Whenever I bring up this topic at lunchtime discussion or on email lists, the classic argument surfaces – learn by doing, or learn by being taught? I don’t take a side in that argument – I can offer examples of success either way. The pathways to a technical communicator job are winding and varied. You can learn a lot about choosing your path by talking to those who have gotten there in many different ways.

3 Comments

  • Cat
    November 26, 2008 - 11:32 pm | Permalink

    I think getting a masters when you already have a similar undergrad is like putting all your eggs in one basket. I’m feeling like the future for American tech writers is gloomy with off shoring growing more all the time. She’d be smart to have a plan B.

    (Seriously, I’m not always this glum.)

  • November 28, 2008 - 9:06 pm | Permalink

    Yep, I’d agree with that sentiment as well – why go with a graduate program if your undergrad degree is in technical communication already? Then again, graduate studies should probably be something you want to pursue in more depth, though, so if you had some incredible research idea I wouldn’t stop you. :) I’m a terrible help for deciding anything life-changing since I see a pathway from here to there no matter what the here is or the there is. :)

  • September 15, 2011 - 8:33 am | Permalink

    Well, here’s a couple of reasons I can think of: if you are interested in shifting your career focus more toward leadership, graduate credentialing can certainly help establish your credibility. You are going to find that many graduate programs will include coursework in communications project management or process management. It may seem a bit cliched to say it, but I think there’s a good argument to be made that bachelors level degree focus more on production-related issues, whereas a strong graduate program should blend some production oriented courses with a curriculum that develops higher-level management & development skills.

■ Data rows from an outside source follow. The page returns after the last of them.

(* For $i=1,2$, let $[x^{(i)}_k]_{k=0}^N$ be a zero-mean nonsingular Gaussian Markov sequence obeying the forward Markov model $$x^{(i)}_k=M^{(i)}_{k,k-1}x^{(i)}_{k-1}+e^{M,(i)}_k,\ k\in[1,N],\qquad x^{(i)}_0=e^{M,(i)}_0,$$ where $[e^{M,(i)}_k]$ is a zero-mean white nonsingular Gaussian sequence with $\mathrm{Cov}(e^{M,(i)}_k)=M^{(i)}_k$. Then the two sequences share the same reciprocal model if and only if $$(M^{(1)}_k)^{-1}+(M^{(1)}_{k+1,k})'(M^{(1)}_{k+1})^{-1}M^{(1)}_{k+1,k}=(M^{(2)}_k)^{-1}+(M^{(2)}_{k+1,k})'(M^{(2)}_{k+1})^{-1}M^{(2)}_{k+1,k},\quad k\in[1,N-1],$$ and $$(M^{(1)}_{k+1,k})'(M^{(1)}_{k+1})^{-1}=(M^{(2)}_{k+1,k})'(M^{(2)}_{k+1})^{-1},\quad k\in[0,N-1].$$
   Context: $[0,N]=(0,1,\ldots,N)$; $x=[x_0',\ldots,x_N']'$, $C=\mathrm{Cov}(x)$, $'$ denotes transpose. Every zero-mean nonsingular Gaussian Markov sequence is reciprocal and obeys a reciprocal model $R^0_kx_k-R^-_kx_{k-1}-R^+_kx_{k+1}=e^R_k$, $k\in[1,N-1]$, whose coefficients are determined by the block entries of $C^{-1}$: writing $A_k$ for the $(k,k)$ block and $B_k$ for the $(k,k+1)$ block of $C^{-1}$ (blocks indexed from $0$), $R^0_k=A_k$, $R^+_k=-B_k$, $R^-_k=-B_{k-1}'$. Two sequences share the same reciprocal model if these coefficients $R^0_k,R^-_k,R^+_k$, $k\in[1,N-1]$, coincide, i.e. their $C^{-1}$ have the same blocks $A_1,\ldots,A_{N-1}$ and $B_0,\ldots,B_{N-1}$. *)

theory Defs
  imports "Jordan_Normal_Form.Matrix"
begin

definition minv :: "real mat \<Rightarrow> real mat" where
  "minv A = (SOME B. B \<in> carrier_mat (dim_row A) (dim_row A) \<and>
                     A * B = 1\<^sub>m (dim_row A) \<and> B * A = 1\<^sub>m (dim_row A))"

text \<open>Symmetric positive definite d x d matrix (nonsingular covariance).\<close>
definition spd :: "nat \<Rightarrow> real mat \<Rightarrow> bool" where
  "spd d A \<longleftrightarrow> A \<in> carrier_mat d d \<and> A\<^sup>T = A \<and>
     (\<forall>v \<in> carrier_vec d. v \<noteq> 0\<^sub>v d \<longrightarrow> v \<bullet> (A *\<^sub>v v) > 0)"

text \<open>Forward Markov model x_k = F k x_{k-1} + e_k (F k = M_{k,k-1}), x_0 = e_0,
  Cov(e_k) = Q k = M_k, e white. State transition matrix
  Phi(j+m, j) = F (j+m) * ... * F (j+1) is  trans F d j m.\<close>
fun trans :: "(nat \<Rightarrow> real mat) \<Rightarrow> nat \<Rightarrow> nat \<Rightarrow> nat \<Rightarrow> real mat" where
  "trans F d j 0 = 1\<^sub>m d"
| "trans F d j (Suc m) = F (j + Suc m) * trans F d j m"

definition Phi :: "(nat \<Rightarrow> real mat) \<Rightarrow> nat \<Rightarrow> nat \<Rightarrow> nat \<Rightarrow> real mat" where
  "Phi F d k j = trans F d j (k - j)"

text \<open>Covariance C = Cov(x) of the stacked vector x = [x_0',...,x_N']' of the model:
  since x_k = sum_{j<=k} Phi(k,j) e_j with e white,
  C_{k,l} = sum_{j <= min k l} Phi(k,j) M_j Phi(l,j)'.
  Entry (k*d+a, l*d+b) is entry (a,b) of block (k,l).\<close>
definition markov_cov :: "nat \<Rightarrow> nat \<Rightarrow> (nat \<Rightarrow> real mat) \<Rightarrow> (nat \<Rightarrow> real mat) \<Rightarrow> real mat" where
  "markov_cov d N F Q = mat ((N+1)*d) ((N+1)*d) (\<lambda>(i,i').
     let k = i div d; a = i mod d; l = i' div d; b = i' mod d in
     (\<Sum>j\<in>{0..min k l}. \<Sum>p<d. \<Sum>q<d.
        Phi F d k j $$ (a,p) * Q j $$ (p,q) * Phi F d l j $$ (b,q)))"

definition blk :: "nat \<Rightarrow> real mat \<Rightarrow> nat \<Rightarrow> nat \<Rightarrow> real mat" where
  "blk d C k l = mat d d (\<lambda>(a,b). C $$ (k*d + a, l*d + b))"

text \<open>Two sequences with covariances C1, C2 share the same reciprocal model iff
  C^{-1} have the same blocks A_k = (k,k), k in [1,N-1], and B_k = (k,k+1), k in [0,N-1].\<close>
definition same_reciprocal_model :: "nat \<Rightarrow> nat \<Rightarrow> real mat \<Rightarrow> real mat \<Rightarrow> bool" where
  "same_reciprocal_model d N C1 C2 \<longleftrightarrow>
     (\<forall>k. 1 \<le> k \<and> k < N \<longrightarrow> blk d (minv C1) k k = blk d (minv C2) k k) \<and>
     (\<forall>k. k < N \<longrightarrow> blk d (minv C1) k (k+1) = blk d (minv C2) k (k+1))"

end

theory Submission
  imports Defs "Jordan_Normal_Form.Determinant"
begin

text \<open>Stack the innovations into e = [e_0; ...; e_N]. Then x = G e, where G is block lower
  triangular with the state transition matrices Phi(k,j) as blocks, so C = G D G' with
  D = diag(M_0, ..., M_N). Read backwards, the model says e_k = x_k - M_{k,k-1} x_{k-1}: G is
  inverted by the block bidiagonal matrix L with identity blocks on the diagonal and
  -M_{k,k-1} below it. Hence C^{-1} = L' D^{-1} L is block tridiagonal, with (k,k) block
  M_k^{-1} + M_{k+1,k}' M_{k+1}^{-1} M_{k+1,k} for k < N and (k,k+1) block
  -M_{k+1,k}' M_{k+1}^{-1}, and two models share a reciprocal model iff these blocks agree.\<close>

lemma block_index_less:
  assumes "m < n" "c < d"
  shows "m*d + c < n*(d::nat)"
proof -
  have "(m+1)*d \<le> n*d" using assms(1) by (intro mult_le_mono1) simp
  then show ?thesis using assms(2) by simp
qed

lemma block_div_less: "i < n*d \<Longrightarrow> i div d < (n::nat)"
  by (simp add: less_mult_imp_div_less)

lemma block_mod_less: "i < n*d \<Longrightarrow> i mod d < (d::nat)"
  by (cases "d = 0") simp_all

lemma sum_lessThan_mult_split:
  "(\<Sum>t<n*d. f t) = (\<Sum>m<n. \<Sum>c<d. f (m*d + c :: nat))"
proof -
  have "(\<Sum>c<d. f (m*d + c)) = sum f {m*d..<m*d + d}" for m
    using sum.shift_bounds_nat_ivl[of f 0 "m*d" d]
    by (simp add: atLeast0LessThan add.commute)
  then show ?thesis by (simp add: sum.nat_group)
qed

definition block_mat :: "nat \<Rightarrow> nat \<Rightarrow> (nat \<Rightarrow> nat \<Rightarrow> 'a mat) \<Rightarrow> 'a mat" where
  "block_mat n d B = mat (n*d) (n*d) (\<lambda>(i,j). B (i div d) (j div d) $$ (i mod d, j mod d))"

definition block_mult :: "nat \<Rightarrow> nat \<Rightarrow> (nat \<Rightarrow> nat \<Rightarrow> 'a :: semiring_0 mat) \<Rightarrow>
    (nat \<Rightarrow> nat \<Rightarrow> 'a mat) \<Rightarrow> nat \<Rightarrow> nat \<Rightarrow> 'a mat" where
  "block_mult n d A B k l = mat d d (\<lambda>(a,b). \<Sum>m<n. (A k m * B m l) $$ (a,b))"

definition transpose_blocks :: "(nat \<Rightarrow> nat \<Rightarrow> 'a mat) \<Rightarrow> nat \<Rightarrow> nat \<Rightarrow> 'a mat" where
  "transpose_blocks B k l = (B l k)\<^sup>T"

definition diag_blocks :: "nat \<Rightarrow> (nat \<Rightarrow> 'a :: zero mat) \<Rightarrow> nat \<Rightarrow> nat \<Rightarrow> 'a mat" where
  "diag_blocks d D k l = (if k = l then D k else 0\<^sub>m d d)"

lemma block_mat_dim [simp]:
  "dim_row (block_mat n d B) = n*d" "dim_col (block_mat n d B) = n*d"
  by (simp_all add: block_mat_def)

lemma block_mat_index:
  "i < n*d \<Longrightarrow> j < n*d \<Longrightarrow>
    block_mat n d B $$ (i,j) = B (i div d) (j div d) $$ (i mod d, j mod d)"
  by (simp add: block_mat_def)

lemma block_mat_cong:
  "(\<And>k l. k < n \<Longrightarrow> l < n \<Longrightarrow> A k l = B k l) \<Longrightarrow> block_mat n d A = block_mat n d B"
  unfolding block_mat_def by (intro eq_matI) (auto simp: block_div_less)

    Second reason: there needs to be a stronger connection between our profession and our academic field. The point of meaningful contact, I believe, is applied research. I would love to see more graduate programs in technical communication (and information design and instructional design and…and…) working with industry to build those bridges. Having practitioners in the field who have that advanced degree, and who can deploy meaningful and effective applied research, will perhaps counteract the “gloomy future” for tech writers limited to production-level jobs.